A qualified employee's trust is one from which lump sum distributions qualify for treatment under the 10- year averaging method plan pursuant to IRC § 402. (For computation of the standard deduction as it relates to lump sum distributions, see subdivision 1 b of 23VAC10-110-143.)

4. Two-earner married couple deduction. The amount deducted from federal adjusted gross income pursuant to the provisions of IRC § 221 shall be added to FAGI in computing Virginia taxable income. IRC § 221 allows a deduction in the computation of FAGI for a percentage of the earned income of the lower earning spouse in the case of married persons filing joint federal income tax returns, both of whom have earned income. The amount of the addition shall be equal to the amount deducted in computing FAGI. Where a husband and wife elect to compute their Virginia tax liabilities separately, the federal deduction must be added to the income of the spouse whose earned income was used in computing the deduction for federal income tax purposes.

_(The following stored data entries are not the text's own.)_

lemma card_F2n_weight_disc:
  assumes "length x = n" and "gam p q > -1"
  shows "real (card {y \<in> F2n n. wtH y = i \<and> disc p q y x = s}) = lam p q n i (wtH x) s"
proof -
  let ?Q = "\<lambda>T. card T = i \<and> gam p q * real (card (T - supp x)) + real (card (supp x - T)) = s"
  have "{y \<in> F2n n. wtH y = i \<and> disc p q y x = s} = {y \<in> F2n n. ?Q (supp y)}"
    using assms(1) by (auto simp: F2n_def wtH_eq_card_supp disc_eq_card_supp)
  then show ?thesis
    using card_subsets_weight_disc[of "{..<n}" "supp x" "gam p q" i s] supp_subset[of x] assms
    by (simp add: card_F2n_supp_filter[of n ?Q] lam_def wtH_eq_card_supp conj_assoc)
qed

lemma disc_triangle:
  assumes "gam p q \<ge> 0" and "length y = length x" and "length z = length x"
  shows "disc p q x z \<le> disc p q x y + disc p q y z"
proof -
  have "card (supp x - supp z) \<le> card (supp x - supp y) + card (supp y - supp z)"
    "card (supp z - supp x) \<le> card (supp z - supp y) + card (supp y - supp x)"
    by (simp_all add: card_Diff_triangle finite_supp)
  then have "real (card (supp x - supp z)) \<le> real (card (supp x - supp y)) + real (card (supp y - supp z))"
    "real (card (supp z - supp x)) \<le> real (card (supp z - supp y)) + real (card (supp y - supp x))"
    by linarith+
  moreover have "gam p q * real (card (supp x - supp z)) \<le>
      gam p q * (real (card (supp x - supp y)) + real (card (supp y - supp z)))"
    using assms(1) calculation(1) by (intro mult_left_mono) simp_all
  ultimately show ?thesis
    using assms(2,3) by (simp add: disc_eq_card_supp algebra_simps)
qed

Example 1: H and W, a husband and wife with no dependents, filed a joint federal income tax return in taxable year 1982 and qualified for a two-earner married couple deduction of $500. The deduction was based upon the income of H, the lower earning spouse, pursuant to IRC § 221. H and W file a joint Virginia return, have FAGI of $28,000, and do not itemize their deductions.

Their Virginia taxable income is computed as follows:

FAGI

$28,000

Less:

Va. Standard Deduction

(2,000)

Less:

Personal Exemptions

(1,200)

Plus:

Federal 2-Earner Deduction

500

Va. Taxable Income

$25,300

Therefore, their Virginia taxable income is $25,300 and their Virginia tax liability is $1,234.75.

Example 2: Assume the same facts as Example 1, except that H and W elect to file separately on a combined Virginia return. H's income is $10,000; W's income is $18,000. Their Virginia tax liabilities are computed as follows:

H

W

FAGI

$10,000

$18,000

Less:

Va. Standard Deduction

---

(2,000)

Less:

Personal Exemptions

(600)

(600)

Plus:

Federal 2-Earner Deduction

500

---

Va. Taxable Income

$9,900

$15,400

Therefore H's Virginia taxable income is $9,900 and his tax liability is $364.38, W's Virginia taxable income is $15,400 with a tax liability of $665.36, and H and W's total Virginia tax liability is $1,034.74. H must add the two-earner deduction since the federal deduction was based upon his earned income.

Statutory Authority

§§ 58.1-203 and 58.1-322 of the Code of Virginia.

Historical Notes

Derived from VR630-2-322 § 2, eff. January 21, 1987; amended, eff. February 1, 1987.